WASHINGTON (AFP) - A blast ripped through a United States military post near Tokyo, Japan early on Monday morning, triggering a fire, the Pentagon confirmed on Sunday, noting that no injuries had been reported.
US Navy Commander Bill Urban, a spokesman, said the explosion occurred at a building the Sagami Depot in the city of Sagamihara, some 40km south-west of Tokyo.
"There are no reports of injury," Cmdr Urban said. "These are all the details we have at this time and will provide further information as we receive it."
"The storage building is not designated as a hazardous material storage facility as some initial reports indicated. We are in the process of determining the exact contents of the building," he said earlier.
The Pentagon said the cause of the explosion was not immediately known, but that the building did not store ammunition or "radiological materials".
"Inside the building that exploded were canisters of compressed gasses: nitrogen, oxygen, freon, and air.
"The cause of the explosion... is under investigation. There are no indications of injuries," Cmdr Urban said,
The military depot, located next to a local train station, occupies about 200ha.
Nearly 600 people work at the facility which stores supplies and acts as a repair centre for military vehicles.
Dramatic video footage showed large sparks - possibly metal canisters - shooting out like fireworks from a huge fire on the building's roof, lighting up the night sky.

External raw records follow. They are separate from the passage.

text \<open>Writing \<open>a = |a| \<alpha>\<close>, \<open>b = |b| \<beta>\<close> for the first row, the second row is
  \<open>det C (- cnj b, cnj a)\<close>, which dictates the phases \<open>d\<close> and \<open>e\<close>.\<close>

lemma unitary2_decomposition:
  assumes "unitary2 C"
  obtains t d e where "t \<in> {0..pi/2}" "\<And>r. cmod (d r) = 1" "\<And>k. cmod (e k) = 1"
    and "C = diag_mat d ** coin_theta t ** diag_mat e"
proof -
  define a b where "a = C$1$1" and "b = C$1$2"
  define \<alpha> \<beta> where "\<alpha> = cis (Arg a)" and "\<beta> = cis (Arg b)"
  define t where "t = arccos (cmod a)"
  note rows = unitary2_rows[OF assms, folded a_def b_def]
  have "cmod a \<le> 1"
    using rows(1) by (metis abs_norm_cancel abs_square_le_1 le_add_same_cancel1 zero_le_power2)
  moreover have "- 1 \<le> cmod a"
    by (rule order_trans[of _ 0]) simp_all
  ultimately have t: "t \<in> {0..pi/2}" and cos_t: "cos t = cmod a"
    and "sin t = sqrt (1 - (cmod a)\<^sup>2)"
    using arccos_lbound arccos_le_pi2 by (simp_all add: t_def sin_arccos)
  then have sin_t: "sin t = cmod b"
    by (simp flip: rows(1))
  have a: "cmod a * \<alpha> = a" and b: "cmod b * \<beta> = b"
    unfolding \<alpha>_def \<beta>_def by (simp_all flip: eq_cmod_mult_cis_Arg)
  have "cnj \<alpha> = inverse \<alpha>" "cnj \<beta> = inverse \<beta>"
    by (simp_all add: \<alpha>_def \<beta>_def cis_cnj)
  then have cnj_a: "cnj a = cmod a / \<alpha>" and cnj_b: "cnj b = cmod b / \<beta>"
    using arg_cong[OF a, of cnj] arg_cong[OF b, of cnj] by (simp_all add: divide_inverse)
  define d where "d = (\<lambda>r::2. if r = 1 then 1 else det C / (\<alpha> * \<beta>))"
  define e where "e = (\<lambda>k::2. if k = 1 then \<alpha> else \<beta>)"
  have "\<alpha> \<noteq> 0" "\<beta> \<noteq> 0"
    by (simp_all add: \<alpha>_def \<beta>_def)
  then have "C = diag_mat d ** coin_theta t ** diag_mat e"
    unfolding vec_eq_iff forall_2 using a b rows(2,3)
    by (simp add: d_def e_def cos_t sin_t cnj_a cnj_b field_simps flip: a_def b_def)
  moreover have "cmod (d r) = 1" "cmod (e r) = 1" for r
    using rows(4) by (simp_all add: d_def e_def \<alpha>_def \<beta>_def norm_divide norm_mult)
  ultimately show ?thesis
    using t that by blast
qed
definition llex_less :: "nat list \<Rightarrow> nat list \<Rightarrow> bool" where
  "llex_less u v \<longleftrightarrow> length u < length v \<or>
     (length u = length v \<and> (u, v) \<in> lexord {(a, b). a < b})"

definition smallest_rep :: "nat list set \<Rightarrow> nat list \<Rightarrow> bool" where
  "smallest_rep C w \<longleftrightarrow> w \<in> C \<and> (\<forall>v\<in>C. v \<noteq> w \<longrightarrow> llex_less w v)"

definition E8_bi :: "nat \<Rightarrow> nat \<Rightarrow> nat" where
  "E8_bi k i = card {C \<in> E8_elems k. \<exists>w. smallest_rep C w \<and> w \<noteq> [] \<and> hd w = i}"

end

theory Submission
  imports Defs "HOL-Library.List_Lexorder"
begin

text \<open>Every element of the monoid has a unique lexicographically least representative word,
  so b_k and b_{k;i} count such normal forms. Let i v be normal and suppose j i v is not.
  By Levi's lemma some letter a < j commuting with j can be moved to the front of i v; then
  i \<le> a, and if i < a the letters i and a commute. With the given numbering commutation is
  interval-closed (the only edge between non-consecutive generators is x_3 x_5, and x_4 is adjacent
  to x_3), so in either case i < j and i commutes with j. Hence j i v is normal iff i v is normal
  and i may follow j, i.e. not (i < j and x_i commutes with x_j); this leaves the letters
  i \<ge> j - 1, together with i = 3 when j = 5.\<close>

definition swap_step :: "('a \<Rightarrow> 'a \<Rightarrow> bool) \<Rightarrow> 'a list \<Rightarrow> 'a list \<Rightarrow> bool" where
  "swap_step I u v \<longleftrightarrow> (\<exists>xs ys a b. u = xs @ [a, b] @ ys \<and> v = xs @ [b, a] @ ys \<and> I a b)"

abbreviation trace_eq :: "('a \<Rightarrow> 'a \<Rightarrow> bool) \<Rightarrow> 'a list \<Rightarrow> 'a list \<Rightarrow> bool" where
  "trace_eq I \<equiv> (swap_step I)\<^sup>*\<^sup>*"

lemma swap_step_Cons: "swap_step I u v \<Longrightarrow> swap_step I (x # u) (x # v)"
  unfolding swap_step_def by (metis append_Cons)

lemma trace_eq_Cons: "trace_eq I u v \<Longrightarrow> trace_eq I (x # u) (x # v)"
  by (induction rule: rtranclp_induct) (auto intro: rtranclp.rtrancl_into_rtrancl swap_step_Cons)

lemma swap_step_length: "swap_step I u v \<Longrightarrow> length u = length v"
  unfolding swap_step_def by auto

lemma trace_eq_length: "trace_eq I u v \<Longrightarrow> length u = length v"
  by (induction rule: rtranclp_induct) (auto dest: swap_step_length)

lemma swap_step_set: "swap_step I u v \<Longrightarrow> set u = set v"
  unfolding swap_step_def by auto

lemma trace_eq_set: "trace_eq I u v \<Longrightarrow> set u = set v"
  by (induction rule: rtranclp_induct) (auto dest: swap_step_set)

lemma trace_eq_swap: "I a b \<Longrightarrow> trace_eq I (a # b # u) (b # a # u)"
  unfolding swap_step_def by (rule r_into_rtranclp) (metis append.left_neutral append_Cons)

lemma swap_step_Cons_cases:
  assumes "swap_step I (b # v) z"
  obtains v' where "swap_step I v v'" "z = b # v'"
    | c v2 where "v = c # v2" "z = c # b # v2" "I b c"
proof -
  obtain xs ys a c where split: "b # v = xs @ [a, c] @ ys" "z = xs @ [c, a] @ ys" "I a c"
    using assms unfolding swap_step_def by blast
  show thesis
  proof (cases xs)
    case Nil
    then show thesis using split that(2) by auto
  next
    case (Cons x xs')
    then have "swap_step I v (xs' @ [c, a] @ ys)" "z = b # xs' @ [c, a] @ ys"
      using split unfolding swap_step_def by auto
    then show thesis using that(1) by blast
  qed
qed

locale partial_commutation =
  fixes I :: "'a \<Rightarrow> 'a \<Rightarrow> bool"
  assumes independent_sym: "I a b \<Longrightarrow> I b a"
begin

lemma swap_step_sym: "swap_step I u v \<Longrightarrow> swap_step I v u"
  unfolding swap_step_def using independent_sym by blast
lemma displacement_merge_less: "displacement n (\<sigma>(m - 1 := a, m := m - 1)) < displacement n \<sigma>"
proof -
  have m: "Suc (m - 1) = m"
    using before_m by simp
  have dist: "max a (m - 1) - min a (m - 1) = m - 1 - a" "max (m - 1) m - min (m - 1) m = 1"
    "max (\<sigma> (m - 1)) (m - 1) - min (\<sigma> (m - 1)) (m - 1) = 0" "max a m - min a m = Suc (m - 1 - a)"
    using fixed_before_m before_m by auto
  have "(m - 1 - a)\<^sup>2 + 1 < (Suc (m - 1 - a))\<^sup>2"
    using before_m by (simp add: power2_eq_square)
  then show ?thesis
    using displacement_update_less[of "m - 1" n a "m - 1" \<sigma>] m m_less_n dist by simp
qed

lemma admissible_by_merge:
  assumes smaller: "\<And>Ps'. partition_on {..<n} Ps' \<Longrightarrow> noncrossing Ps' \<Longrightarrow>
      displacement n (nc_perm n Ps') < displacement n \<sigma> \<Longrightarrow> admissible (nc_perm n Ps')"
    and fewer: "\<And>Ps'. partition_on {..<n - 1} Ps' \<Longrightarrow> noncrossing Ps' \<Longrightarrow> admissible (nc_perm (n - 1) Ps')"
  shows "admissible \<sigma>"
proof -
  let ?\<rho> = "\<sigma> \<circ> skip (m - 1)"
  have m: "Suc (m - 1) = m"
    using before_m by simp
  have "\<sigma> = insert_at (m - 1) ?\<rho>"
    using insert_at_skip[where \<sigma> = \<sigma> and i = "m - 1"] fixed_before_m by simp
  moreover have "?\<rho> (m - 1) < m - 1"
    using before_m m by (simp add: skip_def)
  moreover have "\<forall>j. ?\<rho> j \<noteq> m - 1"
    using skip_avoids_value[OF inj_nc_perm[OF partition]] fixed_before_m by metis
  moreover have "admissible (insert_after (m - 1) ?\<rho>)"
    using smaller[OF partition_merge noncrossing_merge] displacement_merge_less nc_perm_merge m
      insert_after_skip[where \<sigma> = \<sigma> and i = "m - 1"] by simp
  moreover have "admissible (unskip (m - 1) ?\<rho>)"
    using fewer[OF partition_on_remove_point[OF partition before_m(3)] noncrossing_remove_point[OF noncrossing]]
      nc_perm_remove_point[OF partition before_m(3)] fixed_before_m by simp
  ultimately show ?thesis
    using admissible_insert_at by metis
qed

A woman who saw the aftermath of the blast told public broadcaster NHK that she heard repeated thunderous explosions for 10 to 15 minutes.
"Orange sparks were rising quite high. I couldn't see smoke but smelled something like gunpowder," she told NHK.
The blast rattled the windows at nearby buildings and those on the scene said they feared it could be a bomb.
"I thought the American military facility came under a terrorist attack," a local security guard told Jiji Press news agency.
Aerial footage recorded by NHK about an hour after the fire began showed no flames rising outside the building, with a smaller orange blaze seen inside though its burnt roof.
The footage also showed one-storey building's roof had partially collapsed, while the US military said windows and doors were damaged on the building, which is made of concrete and "about the size of a large residence".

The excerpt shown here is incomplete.